Directions for this task
Repeat, line for line, the entries below from the first line to the line containing "obtain \<kappa> \<delta>'", counting both ends.

═════ Record excerpts ═════

theorem lemma4p5:
  fixes act :: "'m::monoid_mult \<Rightarrow> 'x::topological_space \<Rightarrow> 'x"
    and le :: "'i \<Rightarrow> 'i \<Rightarrow> bool"
    and D :: "'i \<Rightarrow> 'd set"
    and \<sigma> :: "'i \<Rightarrow> 'm \<Rightarrow> 'd \<Rightarrow> 'd"
    and \<rho> \<rho>' :: "'x \<Rightarrow> 'x \<Rightarrow> real"
    and F :: "'m set" and \<delta> :: real
  assumes "compact (UNIV :: 'x set)"
    and "monoid_action act"
    and "\<And>m. continuous_on UNIV (act m)"
    and "strong_sofic_approx le D \<sigma>"
    and "pseudometric \<rho>" and "continuous_on UNIV (\<lambda>p. \<rho> (fst p) (snd p))"
    and "pseudometric \<rho>'" and "continuous_on UNIV (\<lambda>p. \<rho>' (fst p) (snd p))"
    and "dyn_generating act \<rho>'"
    and "finite F" and "\<delta> > 0"
  shows "\<exists>F' \<delta>' i0. finite F' \<and> \<delta>' > 0 \<and>
           (\<forall>i. le i0 i \<longrightarrow> MapSet act \<rho>' F' \<delta>' (D i) (\<sigma> i) \<subseteq> MapSet act \<rho> F \<delta> (D i) (\<sigma> i))"
proof -
  have D: "\<And>i. finite (D i)" "\<And>i. D i \<noteq> {}" "\<And>i m. \<sigma> i m ` D i \<subseteq> D i"
    using assms(4) unfolding strong_sofic_approx_def by auto
  have act_mult: "\<And>m s x. act (m * s) x = act m (act s x)"
    using assms(2) unfolding monoid_action_def by blast
  have \<rho>_nonneg: "\<And>x y. 0 \<le> \<rho> x y"
    using assms(5) unfolding pseudometric_def by blast
  obtain \<Delta> :: nat where fibres: "\<And>i s v. s \<in> F \<Longrightarrow> v \<in> D i \<Longrightarrow> card {u\<in>D i. \<sigma> i s u = v} \<le> \<Delta>"
    using assms(4,10) unfolding strong_sofic_approx_def by meson
  obtain B where B: "\<And>x y. \<rho> x y \<le> B"
    using continuous_on_compact_UNIV_bounded2[OF assms(1,6)] by blast
  obtain L \<eta> where "finite L" "\<eta> > 0"
    and generating: "\<And>x y. (\<forall>m\<in>L. \<rho>' (act m x) (act m y) < \<eta>) \<Longrightarrow> \<rho> x y < \<delta> / 2"
    using dyn_generating_uniform[OF assms(1,3,6,8,9), of "\<delta> / 2"] assms(5,11)
    unfolding pseudometric_def by auto
  obtain \<kappa> \<delta>' where "\<kappa> > 0" "\<delta>' > 0" and tolerances:
    "(\<delta> / 2)\<^sup>2 + B\<^sup>2 * (real (card L) * ((real \<Delta> + 1) * (3 * \<delta>' / \<eta>)\<^sup>2 + \<kappa>)) \<le> \<delta>\<^sup>2"
    using tolerances_exist[OF \<open>\<eta> > 0\<close> assms(11)] by blast
  obtain i0 where ham: "\<And>i m s. le i0 i \<Longrightarrow> m \<in> L \<Longrightarrow> s \<in> F \<Longrightarrow>
      ham_dist (D i) (\<sigma> i (m * s)) (\<sigma> i m \<circ> \<sigma> i s) < \<kappa>"
    using sofic_eventually_ham_dist_mult_less[OF assms(4) _ \<open>\<kappa> > 0\<close>, of "L \<times> F"]
      \<open>finite L\<close> assms(10) by fastforce
  define F' where "F' = L \<union> (\<lambda>(m, s). m * s) ` (L \<times> F)"
  have "MapSet act \<rho>' F' \<delta>' (D i) (\<sigma> i) \<subseteq> MapSet act \<rho> {s} \<delta> (D i) (\<sigma> i)"
    if "le i0 i" and "s \<in> F" for i s
  proof -
    have "MapSet act \<rho>' F' \<delta>' (D i) (\<sigma> i) \<subseteq> MapSet act \<rho>' (L \<union> (\<lambda>m. m * s) ` L) \<delta>' (D i) (\<sigma> i)"
      by (rule MapSet_antimono) (use \<open>s \<in> F\<close> in \<open>force simp: F'_def\<close>)
    also have "\<dots> \<subseteq> MapSet act \<rho> {s} \<delta> (D i) (\<sigma> i)"
      by (rule MapSet_subset_MapSet_singleton[OF D act_mult assms(7) \<rho>_nonneg B generating
            \<open>finite L\<close> \<open>\<eta> > 0\<close> fibres[OF \<open>s \<in> F\<close>] ham[OF \<open>le i0 i\<close> _ \<open>s \<in> F\<close>] tolerances
            less_imp_le[OF \<open>\<delta> > 0\<close>]])
    finally show ?thesis .
  qed
  then have "MapSet act \<rho>' F' \<delta>' (D i) (\<sigma> i) \<subseteq> MapSet act \<rho> F \<delta> (D i) (\<sigma> i)"
    if "le i0 i" for i
    using that MapSet_eq_INT_singleton[of act \<rho> F \<delta>] by blast
  moreover have "finite F'"
    unfolding F'_def using \<open>finite L\<close> assms(10) by simp
  ultimately show ?thesis
    using \<open>\<delta>' > 0\<close> by blast
qed
(* Let $R_0^*\in SO(3)$ with unit quaternion representation $w_0^*$, let $2\le k^*\le\ell$, let $(y_i,x_i)$ satisfy $y_i=R_0^*x_i+\epsilon_i$ for $i=1,\dots,k^*$ (noisy inliers, $\epsilon_i\in\mathbb{R}^3$), with $(y_j,x_j)$ arbitrary for $j>k^*$ (outliers), let $c_1^2,\dots,c_\ell^2\ge0$, and let $\hat w_0$ be a global minimizer of (TLS-Q). Define $$\zeta_{\mathrm{in}}:=\frac{\lambda_{\min2}\big(\sum_{i=1}^{k^*}Q_i\big)}{\lambda_{\min}\big(\sum_{i=1}^{k^*}Q_i\big)}.$$ Assume (1) $\zeta_{\mathrm{in}}\ge k^*/(k^*-1)$; (2) $0<c_j^2<\lambda_{\min}(Q_j)$ for every $j=k^*+1,\dots,\ell$; (3) for every $i=1,\dots,k^*$, $$c_i^2>\hat w_0^\top Q_i\hat w_0+\|Q_i\hat w_0\|_2+\frac{|d_i|+d_i}{2},\quad d_i:=\frac{\sum_{k=1}^{k^*}\hat w_0^\top Q_k\hat w_0}{k^*}-\hat w_0^\top Q_i\hat w_0+\frac{\lambda_{\max}\big(\sum_{j\in\{1,\dots,k^*\}\setminus\{i\}}(Q_i-Q_j)\big)}{\zeta_{\mathrm{in}}(k^*-1)}.$$ Then (SDR) is tight, and $$\sin^2(\hat\tau_0^* ):=1-(\hat w_0^\top w_0^* )^2\le\frac{4\sum_{i=1}^{k^*}\|\epsilon_i\|_2\|x_i\|_2}{\lambda_{\min2}\big(\sum_{i=1}^{k^*}P_i\big)}.$$
   Context: For $w=[w_1;w_2;w_3;w_4]\in\mathbb{S}^3$, $R(w)=\begin{bmatrix} w_1^2+w_2^2-w_3^2-w_4^2 & 2(w_2w_3-w_1w_4) & 2(w_2w_4+w_1w_3)\\ 2(w_2w_3+w_1w_4) & w_1^2+w_3^2-w_2^2-w_4^2 & 2(w_3w_4-w_1w_2)\\ 2(w_2w_4-w_1w_3) & 2(w_3w_4+w_1w_2) & w_1^2+w_4^2-w_2^2-w_3^2\end{bmatrix}\in SO(3)$; $\pm w$ are the unit quaternion representations of $R(w)$. $Q_i$ is the unique symmetric $4\times4$ matrix with $w^\top Q_iw=\|y_i-R(w)x_i\|_2^2$ for all $w\in\mathbb{S}^3$; for inliers, $P_i$ is the unique symmetric $4\times4$ matrix with $w^\top P_iw=\|R_0^*x_i-R(w)x_i\|_2^2$ for all $w\in\mathbb{S}^3$. $\lambda_{\min},\lambda_{\min2},\lambda_{\max}$: smallest, second smallest (with multiplicity), largest eigenvalue. (TLS-Q) is $\min_{w_0\in\mathbb{S}^3}\sum_{i=1}^\ell\min\{w_0^\top Q_iw_0,c_i^2\}$. For $\mathcal{A}\in\mathbb{R}^{4(\ell+1)\times4(\ell+1)}$, $[\mathcal{A}]_{ij}$ ($0\le i,j\le\ell$) is the $4\times4$ block in rows $4i+1..4i+4$, columns $4j+1..4j+4$. $\mathcal{Q}$ is symmetric with $[\mathcal{Q}]_{0i}=[\mathcal{Q}]_{i0}=\frac12(Q_i-c_i^2I_4)$ ($i\ge1$), other blocks zero. (QCQP): minimize $\operatorname{tr}(\mathcal{Q}\omega\omega^\top)+\sum_ic_i^2$ over $\omega\in\mathbb{R}^{4(\ell+1)}$ s.t. $[\omega\omega^\top]_{0i}=[\omega\omega^\top]_{ii}$ ($i=1..\ell$), $\operatorname{tr}([\omega\omega^\top]_{00})=1$. (SDR): same objective with $\omega\omega^\top$ replaced by symmetric $\mathcal{W}\succeq0$ and the same constraints on $\mathcal{W}$. (SDR) is tight if it admits $\hat\omega\hat\omega^\top$ as a global minimizer, where $\hat\omega$ is a global minimizer of (QCQP). *)

theory Defs
  imports "Jordan_Normal_Form.Matrix" "Jordan_Normal_Form.Char_Poly"
    "HOL-Computational_Algebra.Polynomial"
begin

text \<open>Vectors/matrices are Jordan_Normal_Form vec/mat; quaternions are 4-vectors
  indexed 0..3, i.e. w_1 = w $ 0, ..., w_4 = w $ 3.\<close>

definition vnorm :: "real vec \<Rightarrow> real" where
  "vnorm v = sqrt (v \<bullet> v)"

definition unit_quat :: "real vec \<Rightarrow> bool" where
  "unit_quat w \<longleftrightarrow> w \<in> carrier_vec 4 \<and> w \<bullet> w = 1"

definition rotR :: "real vec \<Rightarrow> real mat" where
  "rotR w = (let w1 = w $ 0; w2 = w $ 1; w3 = w $ 2; w4 = w $ 3 in
     mat_of_rows_list 3
      [[w1^2 + w2^2 - w3^2 - w4^2, 2*(w2*w3 - w1*w4), 2*(w2*w4 + w1*w3)],
       [2*(w2*w3 + w1*w4), w1^2 + w3^2 - w2^2 - w4^2, 2*(w3*w4 - w1*w2)],
       [2*(w2*w4 - w1*w3), 2*(w3*w4 + w1*w2), w1^2 + w4^2 - w2^2 - w3^2]])"

definition SO3 :: "real mat set" where
  "SO3 = {R. R \<in> carrier_mat 3 3 \<and> transpose_mat R * R = 1\<^sub>m 3 \<and> det R = 1}"

definition Qmat :: "real vec \<Rightarrow> real vec \<Rightarrow> real mat" where
  "Qmat y x = (THE Q. Q \<in> carrier_mat 4 4 \<and> transpose_mat Q = Q \<and>
      (\<forall>w. unit_quat w \<longrightarrow> w \<bullet> (Q *\<^sub>v w) = (vnorm (y - rotR w *\<^sub>v x))\<^sup>2))"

═════

Completed task
theorem lemma4p5:
  fixes act :: "'m::monoid_mult \<Rightarrow> 'x::topological_space \<Rightarrow> 'x"
    and le :: "'i \<Rightarrow> 'i \<Rightarrow> bool"
    and D :: "'i \<Rightarrow> 'd set"
    and \<sigma> :: "'i \<Rightarrow> 'm \<Rightarrow> 'd \<Rightarrow> 'd"
    and \<rho> \<rho>' :: "'x \<Rightarrow> 'x \<Rightarrow> real"
    and F :: "'m set" and \<delta> :: real
  assumes "compact (UNIV :: 'x set)"
    and "monoid_action act"
    and "\<And>m. continuous_on UNIV (act m)"
    and "strong_sofic_approx le D \<sigma>"
    and "pseudometric \<rho>" and "continuous_on UNIV (\<lambda>p. \<rho> (fst p) (snd p))"
    and "pseudometric \<rho>'" and "continuous_on UNIV (\<lambda>p. \<rho>' (fst p) (snd p))"
    and "dyn_generating act \<rho>'"
    and "finite F" and "\<delta> > 0"
  shows "\<exists>F' \<delta>' i0. finite F' \<and> \<delta>' > 0 \<and>
           (\<forall>i. le i0 i \<longrightarrow> MapSet act \<rho>' F' \<delta>' (D i) (\<sigma> i) \<subseteq> MapSet act \<rho> F \<delta> (D i) (\<sigma> i))"
proof -
  have D: "\<And>i. finite (D i)" "\<And>i. D i \<noteq> {}" "\<And>i m. \<sigma> i m ` D i \<subseteq> D i"
    using assms(4) unfolding strong_sofic_approx_def by auto
  have act_mult: "\<And>m s x. act (m * s) x = act m (act s x)"
    using assms(2) unfolding monoid_action_def by blast
  have \<rho>_nonneg: "\<And>x y. 0 \<le> \<rho> x y"
    using assms(5) unfolding pseudometric_def by blast
  obtain \<Delta> :: nat where fibres: "\<And>i s v. s \<in> F \<Longrightarrow> v \<in> D i \<Longrightarrow> card {u\<in>D i. \<sigma> i s u = v} \<le> \<Delta>"
    using assms(4,10) unfolding strong_sofic_approx_def by meson
  obtain B where B: "\<And>x y. \<rho> x y \<le> B"
    using continuous_on_compact_UNIV_bounded2[OF assms(1,6)] by blast
  obtain L \<eta> where "finite L" "\<eta> > 0"
    and generating: "\<And>x y. (\<forall>m\<in>L. \<rho>' (act m x) (act m y) < \<eta>) \<Longrightarrow> \<rho> x y < \<delta> / 2"
    using dyn_generating_uniform[OF assms(1,3,6,8,9), of "\<delta> / 2"] assms(5,11)
    unfolding pseudometric_def by auto
  obtain \<kappa> \<delta>' where "\<kappa> > 0" "\<delta>' > 0" and tolerances:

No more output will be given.